When do we switch from "full-season" to "shorter season" corn hybrids?

May 4, 1995 2(7):58-59

Joe Lauer, Corn Agronomist

The rainy, cold weather and wet, cool soil temperatures we have experienced during April has delayed Wisconsin fieldwork. Most corn was not planted by the optimum May 1 planting date. Due to delayed planting, it is likely that some growers will need to modify their hybrid selections and switch corn hybrid maturities from full-season to shorter -season maturities. Table 1 describes some guidelines for switching corn hybrid maturities in various Wisconsin production zones when the end-use is dry grain. The chances of obtaining dry grain when planting in mid- to late-June are low.

When using these guidelines, please remember that growing season, site and management influence a particular hybrid's actual days to maturity. Also, there is no industry standard for calculating hybrid maturity ratings. Therefore, use the values in Table 1 only as a general guide.

Table 1. Latest acceptable planting date and hybrid maturity for dry corn grain in several Wisconsin production zones.
Hybrid maturity Southern South Central North central Northern
Latest planting Relative maturity Latest planting Relative maturity Latest planting Relative maturity Latest planting Relative maturity
  date days date days date days date days
Full-season 5 May 105-110 8 May 100-105 11 May 95-100 14 May 85-90
Mid-season 15 May 100-105 18 May 95-100 21 May 85-95 24 May 75-85
Short-season 25 May 95-100 28 May 90-95 31 May 75-85 4 June 65-75

Based upon a four year trial conducted at six locations in Wisconsin between 1991 and 1994, corn grain yield was found to decrease about 0.3-0.5% per day during early May. The rate of grain yield decrease accelerated to 1.5-2.3% per day when corn was planted later in May. Although the penalty for late planting is important, growers also need to be careful to avoid tillage when soil is too wet. Yields may be reduced somewhat this year, but effects of soil compaction can reduce yields for several years to come.
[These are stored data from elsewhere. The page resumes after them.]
lemma test_set_finite:
  assumes "test_set f Q"
  shows "finite Q" "Q \<subseteq> XX"
proof -
  obtain P M where "breakpoints f P" "three_per_piece P M" "Q = P \<union> M"
    using assms unfolding test_set_def by blast
  then show "finite Q" "Q \<subseteq> XX"
    unfolding breakpoints_def three_per_piece_def by auto
qed

lemma bij_betw_image_diff:
  assumes "bij_betw g XX XX" "P \<subseteq> XX" "x \<in> XX - P"
  shows "g x \<in> XX - g ` P"
proof -
  have "g x \<notin> g ` P"
    using assms inj_onD[of g XX x] unfolding bij_betw_def by blast
  then show ?thesis
    using assms bij_betw_apply by fastforce
qed

lemma same_piece_image:
  assumes bp: "breakpoints g P" and inj: "inj_on g XX" and gX: "g ` XX \<subseteq> XX"
    and xy: "same_piece P x y"
  shows "same_piece (g ` P) (g x) (g y)"
  unfolding same_piece_def
proof (intro conjI ballI)
  show "g x \<in> XX" "g y \<in> XX"
    using same_pieceD[OF xy] gX by auto
next
  fix q assume "q \<in> g ` P"
  then obtain p where p: "p \<in> P" "q = g p"
    by blast
  show "\<not> (min (g x) (g y) \<le> q \<and> q \<le> max (g x) (g y))"
  proof
    assume "min (g x) (g y) \<le> q \<and> q \<le> max (g x) (g y)"
    then obtain t where t: "min x y \<le> t" "t \<le> max x y" "g t = g p"
      using piece_IVT[OF bp xy] p(2) by blast
    then have "t \<in> XX - P"
      using same_piece_between[OF xy] same_pieceD by blast
    moreover have "p \<in> XX"
      using p(1) bp unfolding breakpoints_def by auto
    ultimately show False
      using inj t(3) p(1) by (auto dest: inj_onD)
  qed
qed

text \<open>\<open>g\<close> maps the pieces of \<open>P\<close> into pieces of \<open>g ` P\<close>, onto them since \<open>g\<close> is onto,
  and both partitions have \<open>card P\<close> pieces; so the induced map on pieces is injective.\<close>

lemma prev_break_image_range:
  assumes bp: "breakpoints g P" and bij: "bij_betw g XX XX" and gP: "0 \<in> g ` P"
  shows "(\<lambda>z. prev_break (g ` P) (g z)) ` (XX - P) = g ` P"
proof -
  have P: "P \<subseteq> XX" "finite (g ` P)" "g ` P \<subseteq> XX" and gX: "g ` XX = XX"
    using bp bij unfolding breakpoints_def bij_betw_def by auto
  show ?thesis
  proof (intro equalityI subsetI)
    fix q assume "q \<in> (\<lambda>z. prev_break (g ` P) (g z)) ` (XX - P)"
    then show "q \<in> g ` P"
      using prev_break_mem[OF P(2) gP] bij_betw_image_diff[OF bij P(1)] by blast
  next
    fix q assume q: "q \<in> g ` P"
    obtain v where v: "v \<in> gap (g ` P) q"
      using gap_nonempty[OF P(2,3) q] by blast
    then have "v \<in> XX - g ` P"
      using gap_subset[OF P(2,3) q] by blast
    then obtain z where "z \<in> XX - P" "v = g z"
      using gX by blast
    then show "q \<in> (\<lambda>z. prev_break (g ` P) (g z)) ` (XX - P)"
      using prev_break_gap[OF P(2) q v] by blast
  qed
qed

lemma prev_break_image:
  assumes bp: "breakpoints g P" and bij: "bij_betw g XX XX" and gP: "0 \<in> g ` P"
  obtains Phi where "inj_on Phi P"
    "\<And>z. z \<in> XX - P \<Longrightarrow> prev_break (g ` P) (g z) = Phi (prev_break P z)"
proof -
  have P: "finite P" "0 \<in> P" "P \<subseteq> XX"
    using bp unfolding breakpoints_def by auto
  have inj: "inj_on g XX" and gX: "g ` XX = XX"
    using bij by (auto simp: bij_betw_def)
  have gP': "finite (g ` P)" "g ` P \<subseteq> XX"
    using P gX by auto
  have gXP: "g z \<in> XX - g ` P" if "z \<in> XX - P" for z
    using bij_betw_image_diff[OF bij P(3) that] .
  define w where "w p = (SOME v. v \<in> gap P p)" for p
  have w: "w p \<in> gap P p" if "p \<in> P" for p
    unfolding w_def using gap_nonempty[OF P(1,3) that] by (simp add: some_in_eq)
  define Phi where "Phi p = prev_break (g ` P) (g (w p))" for p
  have key: "prev_break (g ` P) (g z) = Phi (prev_break P z)" if z: "z \<in> XX - P" for z
  proof -
    have "w (prev_break P z) \<in> piece P z"
      using w prev_break_mem[OF P(1,2) z] piece_eq_gap[OF P z] by blast
    then have "same_piece (g ` P) (g z) (g (w (prev_break P z)))"
      using same_piece_image[OF bp inj] gX unfolding piece_def by blast
    then show ?thesis
      unfolding Phi_def using same_piece_iff_prev_break[OF gP'(1) gP gP'(2)] gXP same_pieceD by blast
  qed
  have "Phi ` P = g ` P"
  proof (intro equalityI subsetI)
    fix q assume "q \<in> Phi ` P"
    then obtain p where "p \<in> P" "q = Phi p"
      by blast
    then have "w p \<in> XX - P"
      using w gap_subset[OF P(1,3)] by blast
    then have "Phi p \<in> (\<lambda>z. prev_break (g ` P) (g z)) ` (XX - P)"
      unfolding Phi_def by (rule imageI)
    then show "q \<in> g ` P"
      unfolding \<open>q = Phi p\<close> prev_break_image_range[OF bp bij gP] .
  next
    fix q assume "q \<in> g ` P"
    then have "q \<in> (\<lambda>z. prev_break (g ` P) (g z)) ` (XX - P)"
      using prev_break_image_range[OF bp bij gP] by simp
    then obtain z where z: "z \<in> XX - P" "q = prev_break (g ` P) (g z)"
      by blast
    then have "q = Phi (prev_break P z)"
      using key by simp
    then show "q \<in> Phi ` P"
      using prev_break_mem[OF P(1,2) z(1)] by blast
  qed
  moreover have "card (g ` P) = card P"
    using card_image inj P(3) inj_on_subset by blast
  ultimately have "inj_on Phi P"
    using eq_card_imp_inj_on[OF P(1), of Phi] by simp
  with key show ?thesis
    using that by blast
qed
Your decision to switch hybrid maturity depends upon:

  1. Desire to accept risk: Longer season hybrids offer the highest yield potentials, but may also increase drying costs and/or delay harvest.
  2. Potential use: For dry grain, relative maturities should be shorter-season within the maturity range for the latest acceptable planting date. For high moisture corn and silage, relative maturities should be longer-season within the maturity range for the latest acceptable planting date.
  3. Field conditions: Shorter season hybrids within the maturity range for the latest acceptable planting date should be selected when field conditions include heavy crop residue, reduced tillage, and heavy soil textures.
  4. Hybrid dry down and grain quality characteristics: Longer-season hybrids within the latest acceptable planting dates should have fast grain dry-down and high test weight characteristics.
  5. Ease of trading original hybrids for superior shorter-season alternatives.